◆ WHAT TO WORK ON
The entries below contain a line with "m m (c / vpi" and a line with "vpi / vpi = vpi". Retype exactly everything from the first down to the second, both included, and nothing else.

◆ MATERIAL FOR THIS TASK
++++++

lemma prob_space_haar: "prob_space \<mu>"
  and space_haar: "space \<mu> = \<O> \<times> \<O>"
  and box2_in_sets: "c \<in> \<O> \<times> \<O> \<Longrightarrow> box2 v c (vpi ^ m) \<in> sets \<mu>"
  and translation_invariant:
    "A \<in> sets \<mu> \<Longrightarrow> a \<in> \<O> \<times> \<O> \<Longrightarrow> transl2 a ` A \<in> sets \<mu> \<and> measure \<mu> (transl2 a ` A) = measure \<mu> A"
  using haar unfolding haar_o2_def by auto

lemma measure_UN_residue_reps:
  assumes "\<And>r. r \<in> residue_reps \<Longrightarrow> A r \<in> sets \<mu> \<and> measure \<mu> (A r) = c"
    and "disjoint_family_on A residue_reps"
  shows "(\<Union>r\<in>residue_reps. A r) \<in> sets \<mu> \<and> measure \<mu> (\<Union>r\<in>residue_reps. A r) = c / vpi"
proof
  interpret prob_space \<mu>
    by (rule prob_space_haar)
  show "(\<Union>r\<in>residue_reps. A r) \<in> sets \<mu>"
    using assms(1) finite_residue_reps by auto
  have "measure \<mu> (\<Union>r\<in>residue_reps. A r) = (\<Sum>r\<in>residue_reps. measure \<mu> (A r))"
    using assms finite_residue_reps by (intro finite_measure_finite_Union) auto
  also have "\<dots> = real (residue_card v) * c"
    using assms(1) card_residue_reps by simp
  finally show "measure \<mu> (\<Union>r\<in>residue_reps. A r) = c / vpi"
    by (simp add: residue_card_eq)
qed

definition vbox :: "'a \<Rightarrow> nat \<Rightarrow> 'a \<Rightarrow> nat \<Rightarrow> ('a \<times> 'a) set" where
  "vbox a m b n = vball a m \<times> vball b n"

lemma vbox_subset: "a \<in> \<O> \<Longrightarrow> b \<in> \<O> \<Longrightarrow> vbox a m b n \<subseteq> \<O> \<times> \<O>"
  unfolding vbox_def using vball_subset_int_ring by blast

lemma box2_eq_vbox: "box2 v (a, b) (vpi ^ m) = vbox a m b m"
  unfolding box2_def vbox_def vball_def by auto

lemma translate_vbox: "transl2 (a, b) ` vbox 0 m 0 n = vbox a m b n"
proof (intro equalityI subsetI)
  fix x assume "x \<in> vbox a m b n"
  then have "(fst x - a, snd x - b) \<in> vbox 0 m 0 n" "x = transl2 (a, b) (fst x - a, snd x - b)"
    unfolding vbox_def vball_def transl2_def by auto
  then show "x \<in> transl2 (a, b) ` vbox 0 m 0 n"
    by blast
qed (auto simp: vbox_def vball_def transl2_def)

definition vbox_law :: "nat \<Rightarrow> nat \<Rightarrow> real \<Rightarrow> bool" where
  "vbox_law m n c \<longleftrightarrow> (\<forall>a\<in>\<O>. \<forall>b\<in>\<O>. vbox a m b n \<in> sets \<mu> \<and> measure \<mu> (vbox a m b n) = c)"

lemma vbox_law_refine_fst:
  assumes "vbox_law (Suc m) n c"
  shows "vbox_law m n (c / vpi)"
  unfolding vbox_law_def
proof (intro ballI)
  fix a b assume ab: "a \<in> \<O>" "b \<in> \<O>"
  have "vbox (a + \<pi> ^ m * r) (Suc m) b n \<in> sets \<mu> \<and> measure \<mu> (vbox (a + \<pi> ^ m * r) (Suc m) b n) = c"
    if "r \<in> residue_reps" for r
    using assms subdivision_center_in_int_ring[OF ab(1) that] ab(2) unfolding vbox_law_def by blast
  moreover have "disjoint_family_on (\<lambda>r. vbox (a + \<pi> ^ m * r) (Suc m) b n) residue_reps"
    unfolding disjoint_family_on_def vbox_def using vball_subdivision_disjoint by blast
  ultimately have "(\<Union>r\<in>residue_reps. vbox (a + \<pi> ^ m * r) (Suc m) b n) \<in> sets \<mu>
    \<and> measure \<mu> (\<Union>r\<in>residue_reps. vbox (a + \<pi> ^ m * r) (Suc m) b n) = c / vpi"
    by (rule measure_UN_residue_reps)
  moreover have "vbox a m b n = (\<Union>r\<in>residue_reps. vbox (a + \<pi> ^ m * r) (Suc m) b n)"
    unfolding vbox_def vball_eq_UN_vball[OF ab(1), of m] by blast
  ultimately show "vbox a m b n \<in> sets \<mu> \<and> measure \<mu> (vbox a m b n) = c / vpi"
    by simp
qed

lemma vbox_law_refine_snd:
  assumes "vbox_law m (Suc n) c"
  shows "vbox_law m n (c / vpi)"
  unfolding vbox_law_def
proof (intro ballI)
  fix a b assume ab: "a \<in> \<O>" "b \<in> \<O>"
  have "vbox a m (b + \<pi> ^ n * r) (Suc n) \<in> sets \<mu> \<and> measure \<mu> (vbox a m (b + \<pi> ^ n * r) (Suc n)) = c"
    if "r \<in> residue_reps" for r
    using assms subdivision_center_in_int_ring[OF ab(2) that] ab(1) unfolding vbox_law_def by blast
  moreover have "disjoint_family_on (\<lambda>r. vbox a m (b + \<pi> ^ n * r) (Suc n)) residue_reps"
    unfolding disjoint_family_on_def vbox_def using vball_subdivision_disjoint by blast
  ultimately have "(\<Union>r\<in>residue_reps. vbox a m (b + \<pi> ^ n * r) (Suc n)) \<in> sets \<mu>
    \<and> measure \<mu> (\<Union>r\<in>residue_reps. vbox a m (b + \<pi> ^ n * r) (Suc n)) = c / vpi"
    by (rule measure_UN_residue_reps)
  moreover have "vbox a m b n = (\<Union>r\<in>residue_reps. vbox a m (b + \<pi> ^ n * r) (Suc n))"
    unfolding vbox_def vball_eq_UN_vball[OF ab(2), of n] by blast
  ultimately show "vbox a m b n \<in> sets \<mu> \<and> measure \<mu> (vbox a m b n) = c / vpi"
    by simp
qed

lemma vbox_law_translate:
  assumes "vbox 0 m 0 n \<in> sets \<mu>"
  shows "vbox_law m n (measure \<mu> (vbox 0 m 0 n))"
  unfolding vbox_law_def
proof (intro ballI)
  fix a b assume "a \<in> \<O>" "b \<in> \<O>"
  then show "vbox a m b n \<in> sets \<mu> \<and> measure \<mu> (vbox a m b n) = measure \<mu> (vbox 0 m 0 n)"
    using translation_invariant[OF assms, of "(a, b)"] by (simp add: translate_vbox)
qed

lemma vbox_law_diagonal: "vbox_law m m (vpi ^ (2 * m))"
proof (induction m)
  case 0
  interpret prob_space \<mu>
    by (rule prob_space_haar)
  have "vbox a 0 b 0 = space \<mu>" if "a \<in> \<O>" "b \<in> \<O>" for a b
    using vball_subset_int_ring[OF that(1), of 0] vball_subset_int_ring[OF that(2), of 0] that
    unfolding space_haar vbox_def vball_def by (auto simp: int_ring_iff intro!: val_diff_le)
  then show ?case
    unfolding vbox_law_def using prob_space by simp
next
  case (Suc m)
  define c where "c = measure \<mu> (vbox 0 (Suc m) 0 (Suc m))"
  have law: "vbox_law (Suc m) (Suc m) c"
    unfolding c_def using box2_in_sets[of "(0, 0)" "Suc m"]
    by (intro vbox_law_translate) (simp only: box2_eq_vbox mem_Times_iff zero_in_int_ring fst_conv snd_conv)
  then have "vbox_law m m (c / vpi / vpi)"
    by (intro vbox_law_refine_fst vbox_law_refine_snd)
  then have "c / vpi / vpi = measure \<mu> (vbox 0 m 0 m)"
    unfolding vbox_law_def by simp
  also have "\<dots> = vpi ^ (2 * m)"
    using Suc.IH unfolding vbox_law_def by simp
  finally have "c / vpi / vpi = vpi ^ (2 * m)" .
  then have "c = vpi ^ (2 * Suc m)"
    using vpi_pos by (simp add: field_simps)
  with law show ?case
    by simp
qed

lemma vbox_law: "vbox_law m n (vpi ^ (m + n))"
proof -
  define M where "M = max m n"
  have refine_fst: "vbox_law (m + d) M (vpi ^ (m + d + M)) \<Longrightarrow> vbox_law m M (vpi ^ (m + M))" for d
  proof (induction d)
    case (Suc d)
    have "vbox_law (m + d) M (vpi ^ (m + Suc d + M) / vpi)"
      using Suc.prems by (intro vbox_law_refine_fst) simp
    moreover have "vpi ^ (m + Suc d + M) / vpi = vpi ^ (m + d + M)"
      using vpi_pos by simp
    ultimately show ?case
      using Suc.IH by simp
  qed simp
  have refine_snd: "vbox_law m (n + d) (vpi ^ (m + n + d)) \<Longrightarrow> vbox_law m n (vpi ^ (m + n))" for d
  proof (induction d)
    case (Suc d)
    have "vbox_law m (n + d) (vpi ^ (m + n + Suc d) / vpi)"
      using Suc.prems by (intro vbox_law_refine_snd) simp
    moreover have "vpi ^ (m + n + Suc d) / vpi = vpi ^ (m + n + d)"
      using vpi_pos by simp
    ultimately show ?case
      using Suc.IH by simp
  qed simp
  have "vbox_law M M (vpi ^ (M + M))"
    using vbox_law_diagonal by (simp add: mult_2)
  then have "vbox_law m M (vpi ^ (m + M))"
    using refine_fst[of "M - m"] unfolding M_def by simp
  then show ?thesis
    using refine_snd[of "M - n"] unfolding M_def by (simp add: add.assoc)
qed

lemma
  assumes "a \<in> \<O>" "b \<in> \<O>"
  shows vbox_in_sets: "vbox a m b n \<in> sets \<mu>"
    and measure_vbox: "measure \<mu> (vbox a m b n) = vpi ^ (m + n)"
  using vbox_law[of m n] assms unfolding vbox_law_def by auto

end

section \<open>The norm form \<open>x\<^sub>1\<^sup>2 - \<Delta> x\<^sub>2\<^sup>2\<close> with \<open>|\<Delta>| = q\<^sup>-\<^sup>1\<close>\<close>

locale norm_form_field = dyadic_local_field +
  fixes \<Delta> :: 'a
  assumes val_Delta: "v \<Delta> = vpi"
begin

definition norm_form :: "'a \<times> 'a \<Rightarrow> 'a" where
  "norm_form x = fst x ^ 2 - \<Delta> * snd x ^ 2"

++++++

◆ SOLVED PROBLEM
  then have "vbox_law m m (c / vpi / vpi)"
    by (intro vbox_law_refine_fst vbox_law_refine_snd)
  then have "c / vpi / vpi = measure \<mu> (vbox 0 m 0 m)"
    unfolding vbox_law_def by simp
  also have "\<dots> = vpi ^ (2 * m)"
    using Suc.IH unfolding vbox_law_def by simp
  finally have "c / vpi / vpi = vpi ^ (2 * m)" .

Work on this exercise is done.